Einsatz von Trojanern: Der Artikel  23 wurde wie eine moderne Version des Lauschangriffs präsentiert, aber im Senat bis jetzt noch nicht behandelt. Ermittlungsrichter können die Online-Durchsuchungsmaßnahmen nur bei bestimmten Delikten einsetzen, z.B. beim sogenannten „Solidaritätsdelikt“. Während jedoch telefonische Abhörmaßnahmen vom Richter nur für einen Monat angeordnet werden können, sieht der Text für die Online-Durchsuchung  einen Zeitraum von vier Monaten vor. Die Priorität liegt zwar beim materiellen Installieren wie z.B. durch USB-Sticks, schließt aber eine „Übermittlung durch ein elektronisches Kommunikationsnetz“ nicht aus. Durch eine Ausnahme können sogar Verfahren wegen weiterer Vergehen eingeleitet werden, die erst bei der Durchsuchung entdeckt werden. Bei solchen Zufallsfunden besteht nicht die Gefahr, dass die dadurch gewonnenen Beweise nicht verwertbar sind.

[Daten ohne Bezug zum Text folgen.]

(* For every base $\mathcal{B}$, atomic multisets $L,K$ and ILL formula $\chi$: if $\Vdash^L_{\mathcal{B}}1$ and $\Vdash^K_{\mathcal{B}}\chi$, then $\Vdash^{L,K}_{\mathcal{B}}\chi$.
   Context: Fix a set $\mathbb{A}$ of propositional atoms. ILL formulae: $\phi ::= p\in\mathbb{A} \mid \top \mid 0 \mid 1 \mid \phi\multimap\phi \mid \phi\otimes\phi \mid \phi\,\&\,\phi \mid \phi\oplus\phi \mid\ !\phi$. All multisets are finite; "$\Gamma,\Delta$" denotes multiset union. Atomic rules and bases: an atomic sequent is $P\Rightarrow p$ with $P$ a multiset of atoms, $p$ an atom. An atomic box is a multiset of atomic sequents. An atomic rule is a triple $\langle\mathbf{A},\mathbf{S},p\rangle$ with $\mathbf{A}$ a multiset of atomic boxes, $\mathbf{S}$ an atomic box, $p$ an atom. A base is a set of atomic rules. An atom $p$ is persistent in $\mathcal{B}$ if some $\langle\varnothing,\mathbf{S},p\rangle\in\mathcal{B}$ has $\mathbf{S}\neq\varnothing$. Derivability $\vdash_{\mathcal{B}}$: (Ref) $p\vdash_{\mathcal{B}}p$; (App) if $\langle\mathbf{A},\mathbf{S},p\rangle\in\mathcal{B}$ with $\mathbf{A}=\{\mathbf{T}_1,\dots,\mathbf{T}_m\}$, and there are atomic multisets $C_1,\dots,C_n$ ($n\ge m$) and a multiset $D=\{d_{m+1},\dots,d_n\}$ of atoms persistent in $\mathcal{B}$ such that $C_i,Q\vdash_{\mathcal{B}}q$ for every $i\le m$ and every $Q\Rightarrow q\in\mathbf{T}_i$, $C_j\vdash_{\mathcal{B}}d_j$ for every $m<j\le n$, and $D,U\vdash_{\mathcal{B}}v$ for every $U\Rightarrow v\in\mathbf{S}$, then $C_1,\dots,C_n\vdash_{\mathcal{B}}p$. Support $\Vdash^L_{\mathcal{B}}$ (base $\mathcal{B}$, atomic multiset $L$), by induction on formulae: $\Vdash^L_{\mathcal{B}}p$ iff $L\vdash_{\mathcal{B}}p$; $\Vdash^L_{\mathcal{B}}\varphi\multimap\psi$ iff $\varphi\Vdash^L_{\mathcal{B}}\psi$; $\Vdash^L_{\mathcal{B}}\varphi\otimes\psi$ iff for all $\mathcal{C}\supseteq\mathcal{B}$, atomic $K$, atoms $p$: if $\varphi,\psi\Vdash^K_{\mathcal{C}}p$ then $\Vdash^{L,K}_{\mathcal{C}}p$; $\Vdash^L_{\mathcal{B}}1$ iff for all $\mathcal{C}\supseteq\mathcal{B}$, $K$, $p$: if $\Vdash^K_{\mathcal{C}}p$ then $\Vdash^{L,K}_{\mathcal{C}}p$; $\Vdash^L_{\mathcal{B}}\varphi\&\psi$ iff $\Vdash^L_{\mathcal{B}}\varphi$ and $\Vdash^L_{\mathcal{B}}\psi$; $\Vdash^L_{\mathcal{B}}\varphi\oplus\psi$ iff for all $\mathcal{C}\supseteq\mathcal{B}$, $K$, $p$: if $\varphi\Vdash^K_{\mathcal{C}}p$ and $\psi\Vdash^K_{\mathcal{C}}p$ then $\Vdash^{L,K}_{\mathcal{C}}p$; $\Vdash^L_{\mathcal{B}}0$ iff $\Vdash^{L,K}_{\mathcal{B}}p$ for all atoms $p$ and atomic $K$; $\Vdash^L_{\mathcal{B}}\top$ always; $\Vdash^L_{\mathcal{B}}!\varphi$ iff for all $\mathcal{C}\supseteq\mathcal{B}$, $K$, $p$: if (for all $\mathcal{D}\supseteq\mathcal{C}$, $\Vdash^{\varnothing}_{\mathcal{D}}\varphi$ implies $\Vdash^K_{\mathcal{D}}p$) then $\Vdash^{L,K}_{\mathcal{C}}p$. For nonempty multisets: $\Vdash^L_{\mathcal{B}}\Gamma,\Delta$ iff $L=K,M$ with $\Vdash^K_{\mathcal{B}}\Gamma$ and $\Vdash^M_{\mathcal{B}}\Delta$. For a nonempty antecedent written $!\Delta,\Theta$, where $!\Delta$ collects the formulae with top-level connective $!$ (with $\Delta$ the formulae under those $!$) and $\Theta$ contains none: $!\Delta,\Theta\Vdash^L_{\mathcal{B}}\varphi$ iff for all $\mathcal{C}\supseteq\mathcal{B}$ and atomic $K$, if $\Vdash^{\varnothing}_{\mathcal{C}}\delta$ for every $\delta\in\Delta$ and $\Vdash^K_{\mathcal{C}}\Theta$ then $\Vdash^{L,K}_{\mathcal{C}}\varphi$ (when $\Theta$ is empty, $K$ is empty). An empty antecedent: $\varnothing\Vdash^L_{\mathcal{B}}\varphi$ means $\Vdash^L_{\mathcal{B}}\varphi$. *)

theory Defs
  imports Main "HOL-Library.Multiset"
begin

datatype 'a form =
    Atom 'a
  | Top
  | Zero
  | One
  | Lolli "'a form" "'a form"
  | Tensor "'a form" "'a form"
  | With "'a form" "'a form"
  | Plus "'a form" "'a form"
  | Bang "'a form"

type_synonym 'a asequent = "'a multiset \<times> 'a"
type_synonym 'a abox = "'a asequent multiset"
type_synonym 'a arule = "'a abox multiset \<times> 'a abox \<times> 'a"   \<comment> \<open>\<langle>A, S, p\<rangle>\<close>
type_synonym 'a base = "'a arule set"

definition persistent :: "'a base \<Rightarrow> 'a \<Rightarrow> bool" where
  "persistent B p \<longleftrightarrow> (\<exists>S. ({#}, S, p) \<in> B \<and> S \<noteq> {#})"

text \<open>Derivability. The boxes T_1..T_m of the multiset A are listed as Ts,
  the atomic multisets C_1..C_n as Cs (n = m + length ds), and
  D = d_(m+1) .. d_n as the list ds.\<close>

inductive derives :: "'a base \<Rightarrow> 'a multiset \<Rightarrow> 'a \<Rightarrow> bool" for B :: "'a base" where
  Ref: "derives B {#p#} p"
| App: "\<lbrakk> (mset Ts, S, p) \<in> B;
          length Cs = length Ts + length ds;
          \<forall>d\<in>set ds. persistent B d;
          \<forall>i<length Ts. \<forall>x. x \<in># Ts ! i \<longrightarrow> derives B (Cs ! i + fst x) (snd x);
          \<forall>j<length ds. derives B (Cs ! (length Ts + j)) (ds ! j);
          \<forall>x. x \<in># S \<longrightarrow> derives B (mset ds + fst x) (snd x) \<rbrakk>
        \<Longrightarrow> derives B (sum_list Cs) p"

fun is_bang :: "'a form \<Rightarrow> bool" where
  "is_bang (Bang _) = True"
| "is_bang _ = False"

fun bang_bodies :: "'a form list \<Rightarrow> 'a form list" where
  "bang_bodies [] = []"
| "bang_bodies (Bang d # G) = d # bang_bodies G"
| "bang_bodies (_ # G) = bang_bodies G"

fun supp_list :: "('a form \<Rightarrow> 'a base \<Rightarrow> 'a multiset \<Rightarrow> bool) \<Rightarrow> 'a form list \<Rightarrow> 'a base \<Rightarrow> 'a multiset \<Rightarrow> bool" where
  "supp_list sem [] B K \<longleftrightarrow> K = {#}"
| "supp_list sem (x # G) B K \<longleftrightarrow> (\<exists>K1 K2. K = K1 + K2 \<and> sem x B K1 \<and> supp_list sem G B K2)"

text \<open>Antecedent support  !Delta, Theta ||-^L_B chi, where the antecedent is the list G,
  sem is the support relation (only used on members of G and bodies of !-members),
  and Q C M stands for ||-^M_C chi.\<close>
definition ante :: "('a form \<Rightarrow> 'a base \<Rightarrow> 'a multiset \<Rightarrow> bool) \<Rightarrow> 'a form list \<Rightarrow> 'a base \<Rightarrow> 'a multiset
                     \<Rightarrow> ('a base \<Rightarrow> 'a multiset \<Rightarrow> bool) \<Rightarrow> bool" where
  "ante sem G B L Q \<longleftrightarrow>
     (\<forall>C K. B \<subseteq> C \<longrightarrow> (\<forall>d\<in>set (bang_bodies G). sem d C {#})
        \<longrightarrow> supp_list sem (filter (\<lambda>x. \<not> is_bang x) G) C K \<longrightarrow> Q C (L + K))"

definition ante_forms :: "'a form list \<Rightarrow> 'a form set" where
  "ante_forms G = set G \<union> set (bang_bodies G)"

lemma bang_bodies_size: "d \<in> set (bang_bodies G) \<Longrightarrow> \<exists>x\<in>set G. size d < size x"
  by (induction G rule: bang_bodies.induct) auto

lemma ante_forms_size: "x \<in> ante_forms G \<Longrightarrow> \<exists>y\<in>set G. size x \<le> size y"
  unfolding ante_forms_def using bang_bodies_size[of x G] by (auto intro: less_imp_le)

function supp :: "'a form \<Rightarrow> 'a base \<Rightarrow> 'a multiset \<Rightarrow> bool" where
  "supp (Atom p) B L \<longleftrightarrow> derives B L p"
| "supp (Lolli a b) B L \<longleftrightarrow>
     ante (\<lambda>x C K. if x \<in> ante_forms [a] then supp x C K else False) [a] B L (\<lambda>C M. supp b C M)"
| "supp (Tensor a b) B L \<longleftrightarrow>
     (\<forall>C K p. B \<subseteq> C \<longrightarrow>
        ante (\<lambda>x C K. if x \<in> ante_forms [a, b] then supp x C K else False) [a, b] C K (\<lambda>D M. derives D M p)
        \<longrightarrow> derives C (L + K) p)"
| "supp One B L \<longleftrightarrow> (\<forall>C K p. B \<subseteq> C \<longrightarrow> derives C K p \<longrightarrow> derives C (L + K) p)"
| "supp (With a b) B L \<longleftrightarrow> supp a B L \<and> supp b B L"
| "supp (Plus a b) B L \<longleftrightarrow>
     (\<forall>C K p. B \<subseteq> C \<longrightarrow>
        ante (\<lambda>x C K. if x \<in> ante_forms [a] then supp x C K else False) [a] C K (\<lambda>D M. derives D M p)
        \<longrightarrow> ante (\<lambda>x C K. if x \<in> ante_forms [b] then supp x C K else False) [b] C K (\<lambda>D M. derives D M p)
        \<longrightarrow> derives C (L + K) p)"
| "supp Zero B L \<longleftrightarrow> (\<forall>p K. derives B (L + K) p)"
| "supp Top B L \<longleftrightarrow> True"
| "supp (Bang a) B L \<longleftrightarrow>
     (\<forall>C K p. B \<subseteq> C \<longrightarrow> (\<forall>D. C \<subseteq> D \<longrightarrow> supp a D {#} \<longrightarrow> derives D K p)
        \<longrightarrow> derives C (L + K) p)"
  by pat_completeness auto
termination
  by (relation "measure (\<lambda>(x, _, _). size x)") (auto dest!: ante_forms_size)

end

theory Submission
  imports Defs
begin

text \<open>Support of \<open>1\<close> by \<open>L\<close> says that \<open>L\<close> may be added to the context of any atomic derivation
  over any extension of the base. Every clause of support other than \<open>\<multimap>\<close> and \<open>&\<close> ends in such
  an atomic derivation, so \<open>L\<close> is absorbed there; \<open>\<multimap>\<close> and \<open>&\<close> reduce to their components
  (over extended bases, which is why \<open>B\<close> is generalised in the induction).\<close>

lemma supp_One_mono: "supp One B L \<Longrightarrow> B \<subseteq> C \<Longrightarrow> supp One C L"
  by auto

lemma supp_One_derives_add:
  assumes "supp One B L" and "B \<subseteq> C" and "derives C (K + M) p"
  shows "derives C (L + K + M) p"
  using assms by (simp add: add.assoc)

lemma ante_add_context:
  assumes "ante sem G B K Q"
    and "\<And>C M. B \<subseteq> C \<Longrightarrow> Q C (K + M) \<Longrightarrow> Q' C (L + K + M)"
  shows "ante sem G B (L + K) Q'"
  using assms unfolding ante_def by blast

theorem lemma6:
  fixes B :: "'a base" and L K :: "'a multiset" and \<chi> :: "'a form"
  assumes "supp One B L"
    and "supp \<chi> B K"
  shows "supp \<chi> B (L + K)"
  using assms
proof (induction \<chi> arbitrary: B K)
  case (Lolli a b)
  have "supp b C (L + K + M)" if "B \<subseteq> C" and "supp b C (K + M)" for C M
    using Lolli.IH(2)[OF supp_One_mono[OF Lolli.prems(1)]] that by (simp add: add.assoc)
  with Lolli.prems(2) show ?case
    by (simp only: supp.simps) (rule ante_add_context)
next
  case (With a b)
  then show ?case by simp
qed (auto intro: supp_One_derives_add)

end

Internetsperren für Seiten mit kinderpornographischem Inhalt:  Der umstrittene Artikel 4 wurde gestern Abend vom Senat angenommen. Fast alle Änderungsanträge bezogen sich auf die Notwendigkeit einer gerichtlichen Kontrolle, bevor die Verwaltung den Internetdienstanbietern eine Liste der zu sperrenden Seiten übermittelt. Die Bedingung der richterlichen Kontrolle wurde der Nationalversammlung vom Verfassungsrat aufgezwungen und vom Senat nun wieder rückgängig gemacht.

Im Gesetzestext heißt es jetzt

wenn es die Notwendigkeit des Kampfes gegen die Verbreitung von kinderpornographischen Bildern oder Abbildungen rechtfertigt, benachrichtigt die Verwaltung die [Internetdienstanbieter] und übermittelt ihnen die elektronischen Adressen (…), zu denen unverzüglich der Zugang gesperrt werden muss.